TEXAS PROMPT PAYMENT OF CLAIMS ACT [TPPCA]
APPRAISALS
&
INSURANCE BAD FAITH
Ortiz v. State Farm Lloyds Insurance [SFL], 589 S.W.3d 127 (Tex. 2019)
Opinion of Chief Justice Hecht Concurring in Part and Dissenting in Part
Chief Justice Hecht is joined by three other Justices.
Justice Hecht would have affirmed the court of appeals’ decision in full. His disagreement with the majority Opinion of the Court is to be found in its Part III-D. Chief Justice Hecht would hold that the insurer’s voluntarily and unconditional payment of the appraisal award does, as a matter of law, bar the insured’s recovery under TPPCA. (The reader is referred to Chief Justice Hecht’s remarkably interesting opinion in the Barbara Tech case.)
Quinn Comment. None of the Justices seem sympathetic to the idea that appraisal eventuates in an “award” as to the value of a covered loss. Thus, it comes pursuant to an agreement of the parties. It does not decide any coverage issues at all. It seems to me that if an insurer pays an “appraisal award” what it is doing is settling or partially settling it. It is not an admission of liability of any sort. The “appraisal award” is not a judgment, and it does not automatically entitle the insured to anything.
The use of the term “award” in this context is unfortunate. Receiving an award makes it sound like one has won something which must then be turned over. To be sure, an appraisal award may be a tactical victory, and it certainly determines how much an insurer will get for his loss, or part thereof, if the insured prevails in the rest of the case. It does not constitute or indicate a final victory.
This last observation is no dispute as to coverage. Now, at this point insurance language gets subtle and/or ambiguous. What is “coverage?” Can there be coverage and yet be an applicable exclusion? Different people say different things; the “insurance dialect” varies. What about this: Can there be coverage, but the claim defeated by the fact that a condition set forth in the policy is not satisfied? There is universal agreement that this is true. Hence, an agreement between an insurer and an insured that there is coverage, can go nowhere, if the insurer and the insured use the term “coverage” differently.
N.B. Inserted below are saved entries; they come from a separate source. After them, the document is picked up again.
lemma greedy_seq_mono:
  assumes "i \<le> j" "j \<le> k"
  shows "le (greedy_seq k T D i) (greedy_seq k T D j)"
  using assms
proof (induction j rule: dec_induct)
  case base thus ?case using po_refl greedy_seq(1) by simp
next
  case (step j)
  have j: "j \<le> k" using step.hyps(2) step.prems by simp
  have "greedy_seq k T D j \<noteq> greedy_target k T D j"
    using less_rk_greedy_target[OF j] greedy_seq(2)[OF j] by auto
  hence "le (greedy_seq k T D j) (greedy_seq k T D (Suc j))"
    using min_label_step(2)[OF greedy_seq(1)[OF j] greedy_target_in[OF j] greedy_seq(3)[OF j]]
    by simp
  moreover have "le (greedy_seq k T D i) (greedy_seq k T D j)" using step.IH j by blast
  moreover have "i \<le> k" using step.hyps(1) j by simp
  ultimately show ?case
    using po_trans[OF greedy_seq(1)[of i] greedy_seq(1)[OF j] greedy_seq(1)[OF step.prems]] by blast
qed

lemma greedy_chain_mem: "greedy_chain k T D \<in> rank_chains {1..k}"
proof -
  have inj: "inj_on (greedy_seq k T D) {1..k}"
  proof (rule inj_onI)
    fix i j assume "i \<in> {1..k}" "j \<in> {1..k}" "greedy_seq k T D i = greedy_seq k T D j"
    thus "i = j" using greedy_seq(2)[of i] greedy_seq(2)[of j] by (metis atLeastAtMost_iff)
  qed
  have "rk ` greedy_chain k T D = (\<lambda>i. i) ` {1..k}"
    unfolding greedy_chain_def image_image by (rule image_cong) (simp_all add: greedy_seq(2))
  hence "rk ` greedy_chain k T D = {1..k}" by simp
  moreover have "is_chain P le (greedy_chain k T D)"
    unfolding is_chain_def greedy_chain_def
  proof (intro conjI ballI)
    show "greedy_seq k T D ` {1..k} \<subseteq> P" using greedy_seq(1) by auto
    fix x y assume "x \<in> greedy_seq k T D ` {1..k}" "y \<in> greedy_seq k T D ` {1..k}"
    then obtain i j where "x = greedy_seq k T D i" "y = greedy_seq k T D j" "i \<le> k" "j \<le> k"
      by auto
    thus "le x y \<or> le y x" using greedy_seq_mono nat_le_linear[of i j] by blast
  qed
  ultimately show ?thesis
    unfolding rank_chains_def greedy_chain_def using card_image[OF inj] by simp
qed

lemma chain_seq_greedy_chain:
  assumes "i \<le> k"
  shows "chain_seq k (greedy_chain k T D) i = greedy_seq k T D i"
proof (cases "i = 0")
  case False
  hence "greedy_seq k T D i \<in> greedy_chain k T D" using assms unfolding greedy_chain_def by simp
  from chain_elem_rk[OF greedy_chain_mem this]
  have "chain_elem (greedy_chain k T D) i = greedy_seq k T D i"
    using greedy_seq(2)[OF assms] by simp
  thus ?thesis unfolding chain_seq_def using False assms by simp
qed (simp add: chain_seq_def)

lemma restrict_ranks_greedy_chain: "restrict_ranks T (greedy_chain k T D) = D"
proof -
  have "restrict_ranks T (greedy_chain k T D) = greedy_seq k T D ` ({1..k} \<inter> T)"
    unfolding restrict_ranks_def greedy_chain_def using greedy_seq(2) by auto
  also have "\<dots> = greedy_seq k T D ` T" using T by (simp add: Int_absorb1)
  also have "\<dots> = chain_elem D ` T" using greedy_seq(4) T by (intro image_cong) auto
  finally show ?thesis by (simp add: rank_chain_eq_image[OF D, symmetric])
qed

lemma chain_label_greedy_chain:
  assumes i: "i \<le> k"
  shows "chain_label k (greedy_chain k T D) (Suc i)
    = Min (atom_labels (greedy_target k T D i) - atom_labels (greedy_seq k T D i))"
proof (cases "i < k")
  case True
  have "greedy_seq k T D i \<noteq> greedy_target k T D i"
    using less_rk_greedy_target[OF i] greedy_seq(2)[OF i] by auto
  note step =
    min_label_step(5)[OF greedy_seq(1)[OF i] greedy_target_in[OF i] greedy_seq(3)[OF i] this]
  show ?thesis
    unfolding chain_label_def using chain_seq_greedy_chain[OF i] chain_seq_greedy_chain[of "Suc i"]
      True step by simp
next
  case False
  have "next_rank k T i \<in> insert (Suc k) T" "i < next_rank k T i"
    using next_rank_mem[OF i] less_next_rank[OF i] by auto
  hence "next_rank k T i = Suc k" using T False i by auto
  moreover have "chain_seq k (greedy_chain k T D) (Suc i) = hat1"
    using False i unfolding chain_seq_def by simp
  ultimately show ?thesis
    unfolding chain_label_def greedy_target_def using chain_seq_greedy_chain[OF i] by simp
qed

lemma descents_greedy_chain: "descents k (greedy_chain k T D) \<subseteq> T"
proof
  fix i assume i: "i \<in> descents k (greedy_chain k T D)"
  show "i \<in> T"
  proof (rule ccontr)
    assume "i \<notin> T"
    have "1 \<le> i" "i \<le> k" using i unfolding descents_def by auto
    then obtain j where j: "i = Suc j" "j < k" by (cases i) auto
    hence i_le: "i \<le> k" and j_le: "j \<le> k" by auto
    let ?g = "greedy_seq k T D" and ?t = "greedy_target k T D"
    have same_target: "?t i = ?t j"
      unfolding greedy_target_def using next_rank_Suc \<open>i \<notin> T\<close> j by simp
    have "?g i \<noteq> ?t i" using less_rk_greedy_target[OF i_le] greedy_seq(2)[OF i_le] by auto
    hence "atom_labels (?t i) - atom_labels (?g i) \<noteq> {}"
      using atom_labels_diff_nonempty[OF greedy_seq(1)[OF i_le] greedy_target_in[OF i_le]
          greedy_seq(3)[OF i_le]] by blast
    moreover have "atom_labels (?g j) \<subseteq> atom_labels (?g i)"
      using atom_labels_mono[OF greedy_seq(1)[OF j_le] greedy_seq(1)[OF i_le]
          greedy_seq_mono[OF _ i_le]] j by simp
    ultimately have "Min (atom_labels (?t j) - atom_labels (?g j))
        \<le> Min (atom_labels (?t i) - atom_labels (?g i))"
      using same_target finite_atom_labels by (intro Min_antimono) auto
    hence "chain_label k (greedy_chain k T D) i \<le> chain_label k (greedy_chain k T D) (Suc i)"
      using chain_label_greedy_chain[OF j_le] chain_label_greedy_chain[OF i_le] j by simp
    thus False using i unfolding descents_def by simp
  qed
qed

end

lemma bij_betw_restrict_ranks:
  assumes "k < rk hat1" "T \<subseteq> {1..k}"
  shows "bij_betw (restrict_ranks T) {C \<in> rank_chains {1..k}. descents k C \<subseteq> T} (rank_chains T)"
  unfolding bij_betw_def
proof
  show "inj_on (restrict_ranks T) {C \<in> rank_chains {1..k}. descents k C \<subseteq> T}"
    by (rule inj_on_restrict_ranks[OF assms])
  show "restrict_ranks T ` {C \<in> rank_chains {1..k}. descents k C \<subseteq> T} = rank_chains T"
  proof
    show "restrict_ranks T ` {C \<in> rank_chains {1..k}. descents k C \<subseteq> T} \<subseteq> rank_chains T"
      using restrict_ranks_mem[OF _ assms(2)] by blast
    show "rank_chains T \<subseteq> restrict_ranks T ` {C \<in> rank_chains {1..k}. descents k C \<subseteq> T}"
    proof
      fix D assume D: "D \<in> rank_chains T"
      show "D \<in> restrict_ranks T ` {C \<in> rank_chains {1..k}. descents k C \<subseteq> T}"
        by (rule image_eqI[where f = "restrict_ranks T",
              OF restrict_ranks_greedy_chain[OF assms D, symmetric]])
          (use greedy_chain_mem[OF assms D] descents_greedy_chain[OF assms D] in blast)
    qed
  qed
qed


lemma flag_h_eq_card_descents:
  assumes k: "k < rk hat1" and S: "S \<subseteq> {1..k}"
  shows "flag_h P le S = int (card {C \<in> rank_chains {1..k}. descents k C = S})"
proof -
  define f where "f U = int (card {C \<in> rank_chains {1..k}. descents k C = U})" for U
  define g where "g U = int (card {C \<in> rank_chains {1..k}. descents k C \<subseteq> U})" for U
  have "g U = sum f (Pow U)" if "finite U" for U
  proof -
    have "{C \<in> rank_chains {1..k}. descents k C \<subseteq> U}
        = (\<Union>V\<in>Pow U. {C \<in> rank_chains {1..k}. descents k C = V})" by blast
    hence "card {C \<in> rank_chains {1..k}. descents k C \<subseteq> U}
        = (\<Sum>V\<in>Pow U. card {C \<in> rank_chains {1..k}. descents k C = V})"
      using that finite_rank_chains by (simp, intro card_UN_disjoint) auto
    thus ?thesis unfolding f_def g_def by simp
  qed
  hence "f S = (\<Sum>T\<in>Pow S. (-1) ^ (card S - card T) * g T)"
    using S finite_subset by (intro inclusion_exclusion_mobius) auto
  also have "\<dots> = flag_h P le S"
    unfolding flag_h_def g_def flag_f_eq_card_rank_chains
    using bij_betw_same_card[OF bij_betw_restrict_ranks[OF k]] S by (intro sum.cong) auto
  finally show ?thesis unfolding f_def by simp
qed

lemma chain_label_in_atom_labels_hat1:
  assumes "k < rk hat1" "C \<in> rank_chains {1..k}" "1 \<le> i" "i \<le> Suc k"
  shows "chain_label k C i \<in> atom_labels hat1"
proof -
  have "chain_label k C i \<in> atom_labels (chain_seq k C i)" using chain_label_mem[OF assms] by blast
  moreover have "atom_labels (chain_seq k C i) \<subseteq> atom_labels hat1"
    using atom_labels_mono[OF chain_seq_in[OF assms(2)] hat1_in
        le_hat1[OF chain_seq_in[OF assms(2)]]] .
  ultimately show ?thesis by blast
qed

lemma inj_on_chain_label:
  assumes k: "k < rk hat1" and C: "C \<in> rank_chains {1..k}"
  shows "inj_on (chain_label k C) {1..Suc k}"
proof -
  have distinct: "chain_label k C i \<noteq> chain_label k C j" if ij: "1 \<le> i" "i < j" "j \<le> Suc k" for i j
  proof -
    have "chain_label k C i \<in> atom_labels (chain_seq k C i)"
      using chain_label_mem[OF k C, of i] ij by auto
    moreover have "atom_labels (chain_seq k C i) \<subseteq> atom_labels (chain_seq k C (j - 1))"
      using atom_labels_mono[OF chain_seq_in[OF C] chain_seq_in[OF C]
          chain_seq_mono[OF C, of i "j - 1"]] ij by simp
    ultimately have "chain_label k C i \<in> atom_labels (chain_seq k C (j - 1))" by blast
    moreover have "chain_label k C j \<notin> atom_labels (chain_seq k C (j - 1))"
      using chain_label_mem[OF k C, of j] ij by auto
    ultimately show ?thesis by metis
  qed
  show ?thesis
  proof (rule inj_onI, rule ccontr)
    fix i j assume "i \<in> {1..Suc k}" "j \<in> {1..Suc k}" "chain_label k C i = chain_label k C j" "i \<noteq> j"
    thus False using distinct[of i j] distinct[of j i] by (cases "i < j") auto
  qed
qed

lemma rk_hat1_le_card_atom_labels: "rk hat1 \<le> card (atom_labels hat1)"
proof (cases "rk hat1")
  case (Suc k)
  hence k: "k < rk hat1" by simp
  have "rank_chains {} = {{}}" unfolding rank_chains_def is_chain_def by auto
  hence C: "greedy_chain k {} {} \<in> rank_chains {1..k}" using greedy_chain_mem[OF k] by simp
  have "card {1..Suc k} \<le> card (atom_labels hat1)"
    using card_inj_on_le[OF inj_on_chain_label[OF k C] _ finite_atom_labels]
      chain_label_in_atom_labels_hat1[OF k C] by force
  thus ?thesis using Suc by simp
qed simp

definition label_word :: "nat \<Rightarrow> 'a set \<Rightarrow> nat list" where
  "label_word k C = map (chain_label k C) [1..<Suc k]"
Now, it is true that settlement agreements often involve nondisclosure clauses, and payment of an appraisal award may not involve one. But that is not a determinative fact. The absence of a nondisclosure agreement does not entail that the arrangement is not a settlement. Nor does the fact that the appraisal arises from a clause in the contract. The standard clause does not describe the appraisal award as a determination as to liability. Obviously, the insurer may be stuck with the number in the appraisal award as the measure of what it owes, but the lawsuit can continue as to other issues. Or not.